**TO DO**
Return the lines below that contain the word "explicit".
START RECORDS TO USE
text \<open>3x3 matrices over a unital associative (not necessarily commutative) ring
  'a :: ring_1 are represented as 'a^3^3; M $ j $ k is the (j,k) entry, indices 1,2,3.\<close>

definition is_unit :: "'a::ring_1 \<Rightarrow> bool" where
  "is_unit x \<longleftrightarrow> (\<exists>y. x * y = 1 \<and> y * x = 1)"

definition rinv :: "'a::ring_1 \<Rightarrow> 'a" where
  "rinv x = (THE y. x * y = 1 \<and> y * x = 1)"

definition minvertible :: "'a::ring_1^3^3 \<Rightarrow> bool" where
  "minvertible M \<longleftrightarrow> (\<exists>N. M ** N = mat 1 \<and> N ** M = mat 1)"

definition minv :: "'a::ring_1^3^3 \<Rightarrow> 'a^3^3" where
  "minv M = (THE N. M ** N = mat 1 \<and> N ** M = mat 1)"

definition all_units :: "'a::ring_1^3^3 \<Rightarrow> bool" where
  "all_units M \<longleftrightarrow> (\<forall>j k. is_unit (M $ j $ k))"

definition J1 :: "'a::ring_1^3^3 \<Rightarrow> 'a^3^3" where
  "J1 M = minv M"

definition J2 :: "'a::ring_1^3^3 \<Rightarrow> 'a^3^3" where
  "J2 M = (\<chi> j k. rinv (M $ k $ j))"

text \<open>domain of J = J2 o J1, and of J^{-1} = J1 o J2\<close>
definition dom_J :: "'a::ring_1^3^3 \<Rightarrow> bool" where
  "dom_J M \<longleftrightarrow> minvertible M \<and> all_units (J1 M)"

definition dom_Jinv :: "'a::ring_1^3^3 \<Rightarrow> bool" where
  "dom_Jinv M \<longleftrightarrow> all_units M \<and> minvertible (J2 M)"

definition Jinv :: "'a::ring_1^3^3 \<Rightarrow> 'a^3^3" where
  "Jinv M = J1 (J2 M)"

definition hat :: "'a::ring_1^3^3 \<Rightarrow> bool" where
  "hat M \<longleftrightarrow> (\<forall>k. M $ 1 $ k = 1 \<and> M $ k $ 1 = 1)"

definition LambdaL :: "'a::ring_1^3^3 \<Rightarrow> 'a^3^3" where
  "LambdaL A = (\<chi> j k. A$1$1 * rinv (A$j$1) * A$j$k * rinv (A$1$k))"

definition LambdaR :: "'a::ring_1^3^3 \<Rightarrow> 'a^3^3" where
  "LambdaR A = (\<chi> j k. rinv (A$j$1) * A$j$k * rinv (A$1$k) * A$1$1)"

definition Phi :: "'a::ring_1^3^3 \<Rightarrow> 'a^3^3" where
  "Phi A = J2 (LambdaL (minv A))"

definition dom_Phi :: "'a::ring_1^3^3 \<Rightarrow> bool" where
  "dom_Phi A \<longleftrightarrow> dom_J A \<and> hat A \<and> all_units A"

definition Phi_inv :: "'a::ring_1^3^3 \<Rightarrow> 'a^3^3" where
  "Phi_inv A = LambdaR (Jinv A)"

text \<open>The square submatrix of M with row set I and column set K (|I| = |K| > 0)
  is invertible: there is N (indexed by K x I) with (M|IxK) N = 1_I and N (M|IxK) = 1_K.\<close>
definition sub_invertible :: "'a::ring_1^3^3 \<Rightarrow> 3 set \<Rightarrow> 3 set \<Rightarrow> bool" where
  "sub_invertible M I K \<longleftrightarrow>
     (\<exists>N::'a^3^3.
        (\<forall>i\<in>I. \<forall>i'\<in>I. (\<Sum>k\<in>K. M$i$k * N$k$i') = (if i = i' then 1 else 0)) \<and>
        (\<forall>k\<in>K. \<forall>k'\<in>K. (\<Sum>i\<in>I. N$k$i * M$i$k') = (if k = k' then 1 else 0)))"

definition in_S :: "'a::ring_1^3^3 \<Rightarrow> bool" where
  "in_S M \<longleftrightarrow>
     (\<forall>I K. I \<noteq> {} \<and> card I = card K \<longrightarrow> sub_invertible M I K) \<and> minvertible (J2 M)"

definition in_hatS :: "'a::ring_1^3^3 \<Rightarrow> bool" where
  "in_hatS M \<longleftrightarrow> in_S M \<and> hat M"

definition conj_mat :: "'a::ring_1 \<Rightarrow> 'a^3^3 \<Rightarrow> 'a^3^3" where
  "conj_mat w B = (\<chi> j k. rinv w * B$j$k * w)"

definition mat3 :: "'a \<Rightarrow> 'a \<Rightarrow> 'a \<Rightarrow> 'a \<Rightarrow> 'a \<Rightarrow> 'a \<Rightarrow> 'a \<Rightarrow> 'a \<Rightarrow> 'a \<Rightarrow> 'a^3^3" where
  "mat3 a11 a12 a13 a21 a22 a23 a31 a32 a33 =
     (\<chi> j k. if j = 1 then (if k = 1 then a11 else if k = 2 then a12 else a13)
             else if j = 2 then (if k = 1 then a21 else if k = 2 then a22 else a23)
             else (if k = 1 then a31 else if k = 2 then a32 else a33))"

end

theory Submission
  imports Defs
begin

text \<open>Write \<open>B = A\<^sup>-\<^sup>1\<close> and \<open>C = (J\<^sub>2 A)\<^sup>-\<^sup>1\<close>. Since \<open>J\<^sub>2 A = mat3 1 1 1 1 a\<^sup>-\<^sup>1 c\<^sup>-\<^sup>1 1 b\<^sup>-\<^sup>1 d\<^sup>-\<^sup>1\<close>
  has the same shape as \<open>A\<close>, every formula for the entries of \<open>B\<close> has a dual one for \<open>C\<close>. The
  heart of the proof is an explicit choice of units \<open>k\<^sub>1, k\<^sub>2, k\<^sub>3\<close> for which
  \<open>J\<^sub>2 B \<cdot> diag k \<cdot> J\<^sub>2 C\<close> is a diagonal matrix of units; together with its dual this shows that
  \<open>J\<^sub>2 B\<close> is invertible with inverse \<open>diag k \<cdot> J\<^sub>2 C \<cdot> diag r\<^sup>-\<^sup>1\<close>. As \<open>\<Phi>(A) = J\<^sub>2(\<Lambda>\<^sup>L B)\<close>
  differs from \<open>J\<^sub>2 B\<close> by diagonal factors only, \<open>\<Phi>(A)\<^sup>-\<^sup>1\<close> is explicit, and in
  \<open>\<Phi>\<^sup>2(A) = J\<^sub>2(\<Lambda>\<^sup>L(\<Phi>(A)\<^sup>-\<^sup>1))\<close> all diagonal factors cancel in the cross ratios taken by \<open>\<Lambda>\<^sup>L\<close>,
  except \<open>k\<^sub>1\<close>. What remains is \<open>\<Lambda>\<^sup>R C = \<Phi>\<^sup>-\<^sup>1(A)\<close> conjugated by \<open>k\<^sub>1\<^sup>-\<^sup>1\<close>, and a computation
  identifies \<open>k\<^sub>1\<^sup>-\<^sup>1\<close> with \<open>\<omega>\<close>. The inverses used along the way exist because the minors of
  \<open>A\<close> and the matrix \<open>J\<^sub>2 A\<close> are invertible, via Schur complements.\<close>

section \<open>Units and explicit inverses\<close>

lemma is_unitI: "x * y = 1 \<Longrightarrow> y * x = 1 \<Longrightarrow> is_unit (x::'a::ring_1)"
  unfolding is_unit_def by blast

lemma is_unit_one: "is_unit (1::'a::ring_1)"
  unfolding is_unit_def by auto

lemma is_unit_mult: "is_unit x \<Longrightarrow> is_unit y \<Longrightarrow> is_unit (x * y::'a::ring_1)"
  unfolding is_unit_def
proof (elim exE conjE)
  fix x' y' assume "x*x' = 1" "x'*x = 1" "y*y' = 1" "y'*y = 1"
  hence "(x*y)*(y'*x') = 1" "(y'*x')*(x*y) = 1"
    by (simp_all add: mult.assoc[symmetric]) (simp_all add: mult.assoc)
  thus "\<exists>z. x*y*z = 1 \<and> z*(x*y) = 1" by blast
qed

lemma is_unit_uminus: "is_unit x \<Longrightarrow> is_unit (- x::'a::ring_1)"
  unfolding is_unit_def by (metis minus_mult_minus)

lemma rinv_unique: "x * y = 1 \<Longrightarrow> y * x = 1 \<Longrightarrow> rinv (x::'a::ring_1) = y"
  unfolding rinv_def
proof (rule the_equality)
  fix z assume "x*y = 1" "y*x = 1" and z: "x*z = 1 \<and> z*x = 1"
  have "z = (y*x)*z" using \<open>y*x = 1\<close> by simp
  also have "\<dots> = y*(x*z)" by (simp add: mult.assoc)
  also have "\<dots> = y" using z by simp
  finally show "z = y" .
qed auto

lemma rinv_inverse: "is_unit x \<Longrightarrow> x * rinv x = 1 \<and> rinv x * (x::'a::ring_1) = 1"
  unfolding is_unit_def using rinv_unique by metis

lemma is_unit_rinv: "is_unit x \<Longrightarrow> is_unit (rinv (x::'a::ring_1))"
  using rinv_inverse is_unitI by metis

lemma rinv_rinv: "is_unit x \<Longrightarrow> rinv (rinv (x::'a::ring_1)) = x"
  using rinv_inverse rinv_unique by metis

lemma rinv_one: "rinv (1::'a::ring_1) = 1"
  by (rule rinv_unique) simp_all

lemma rinv_mult: "is_unit x \<Longrightarrow> is_unit y \<Longrightarrow> rinv (x * y) = rinv y * rinv (x::'a::ring_1)"
proof -
  assume ux: "is_unit x" and uy: "is_unit y"
  note X = rinv_inverse[OF ux] and Y = rinv_inverse[OF uy]
  show ?thesis
  proof (rule rinv_unique)
    have "x*y*(rinv y * rinv x) = x*(y*rinv y)*rinv x" by (simp add: mult.assoc)
    thus "x*y*(rinv y * rinv x) = 1" using X Y by simp
    have "rinv y * rinv x * (x*y) = rinv y*(rinv x*x)*y" by (simp add: mult.assoc)
    thus "rinv y * rinv x * (x*y) = 1" using X Y by simp
  qed
qed

lemma rinv_mult_cancel: "is_unit x \<Longrightarrow> x * (rinv x * z) = z \<and> rinv x * (x * z) = (z::'a::ring_1)"
  using rinv_inverse by (metis mult.assoc mult_1_left)

lemma rinv_mult_left_eq: "is_unit x \<Longrightarrow> x * y = z \<Longrightarrow> rinv x * z = (y::'a::ring_1)"
  using rinv_inverse by (metis mult.assoc mult_1_left)

lemma mult_rinv_right_eq: "is_unit x \<Longrightarrow> z = y * x \<Longrightarrow> z * rinv x = (y::'a::ring_1)"
  using rinv_inverse by (metis mult.assoc mult_1_right)

lemma unit_left_inverse_imp_right: "is_unit (x::'a::ring_1) \<Longrightarrow> y * x = 1 \<Longrightarrow> x * y = 1"
proof -
  assume u: "is_unit x" and h: "y*x = 1"
  have "y = y*(x*rinv x)" using rinv_inverse[OF u] by simp
  also have "\<dots> = rinv x" using h by (simp add: mult.assoc[symmetric])
  finally show "x*y = 1" using rinv_inverse[OF u] by simp
qed

lemma is_unit_cancel_right:
  "(x::'a::ring_1) * y = z * w \<Longrightarrow> is_unit y \<Longrightarrow> is_unit z \<Longrightarrow> is_unit w \<Longrightarrow> is_unit x"
proof -
  assume h: "x*y = z*w" and u: "is_unit y" "is_unit z" "is_unit w"
  have "x = x*(y*rinv y)" using rinv_inverse[OF u(1)] by simp
  also have "\<dots> = z*w*rinv y" using h by (simp add: mult.assoc[symmetric])
  finally show ?thesis using u by (metis is_unit_mult is_unit_rinv)
qed

lemma is_unit_cancel_left: "(y::'a::ring_1) * x = z \<Longrightarrow> is_unit y \<Longrightarrow> is_unit z \<Longrightarrow> is_unit x"
proof -
  assume h: "y*x = z" and u: "is_unit y" "is_unit z"
  have "x = (rinv y*y)*x" using rinv_inverse[OF u(1)] by simp
  also have "\<dots> = rinv y * z" using h by (simp add: mult.assoc)
  finally show ?thesis using u by (metis is_unit_mult is_unit_rinv)
qed

lemma rinv_cross_ratio: "is_unit a \<Longrightarrow> is_unit b \<Longrightarrow> is_unit c \<Longrightarrow> is_unit d \<Longrightarrow>
  rinv (a * rinv b * c * rinv d) = d * rinv c * b * rinv (a::'a::ring_1)"
  by (simp add: rinv_mult is_unit_mult is_unit_rinv rinv_rinv mult.assoc)

lemma cross_ratio_rescale:
  "is_unit g1 \<Longrightarrow> is_unit gk \<Longrightarrow> is_unit f \<Longrightarrow> is_unit f1 \<Longrightarrow> is_unit p2 \<Longrightarrow> is_unit p4 \<Longrightarrow>
   (g1*p1*f) * rinv (gk*p2*f) * (gk*p3*f1) * rinv (g1*p4*f1) = g1*(p1*rinv p2*p3*rinv p4)*rinv (g1::'a::ring_1)"
  by (simp add: rinv_mult is_unit_mult mult.assoc rinv_mult_cancel)

lemma mult_assoc_eq: "(a::'a::ring_1) * b = c \<Longrightarrow> a * (b * z) = c * z"
  by (simp add: mult.assoc[symmetric])

lemma mult_inverse_cancel: "(u::'a::ring_1) * w = 1 \<Longrightarrow> u * (w * z) = z"
  by (simp add: mult_assoc_eq)

lemma mult3_assoc_eq: "(x::'a::ring_1) * y * w = x' * y' * w' \<Longrightarrow> x * (y * (w * z)) = x' * (y' * (w' * z))"
  by (simp add: mult.assoc[symmetric])

lemma mult3_inverse:
  "(p::'a::ring_1) * p' = 1 \<Longrightarrow> p' * p = 1 \<Longrightarrow> x * y = 1 \<Longrightarrow> y * x = 1 \<Longrightarrow> q * q' = 1 \<Longrightarrow> q' * q = 1
   \<Longrightarrow> (p*x*q) * (q'*y*p') = 1 \<and> (q'*y*p') * (p*x*q) = 1"
proof -
  assume h: "p*p' = 1" "p'*p = 1" "x*y = 1" "y*x = 1" "q*q' = 1" "q'*q = 1"
  have "(p*x*q)*(q'*y*p') = p*(x*(q*q')*y)*p'" "(q'*y*p')*(p*x*q) = q'*(y*(p'*p)*x)*q"
    by (simp_all add: mult.assoc)
  thus ?thesis using h by simp
qed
END RECORDS TO USE
**WORKED SOLUTION**
  heart of the proof is an explicit choice of units \<open>k\<^sub>1, k\<^sub>2, k\<^sub>3\<close> for which
  differs from \<open>J\<^sub>2 B\<close> by diagonal factors only, \<open>\<Phi>(A)\<^sup>-\<^sup>1\<close> is explicit, and in
section \<open>Units and explicit inverses\<close>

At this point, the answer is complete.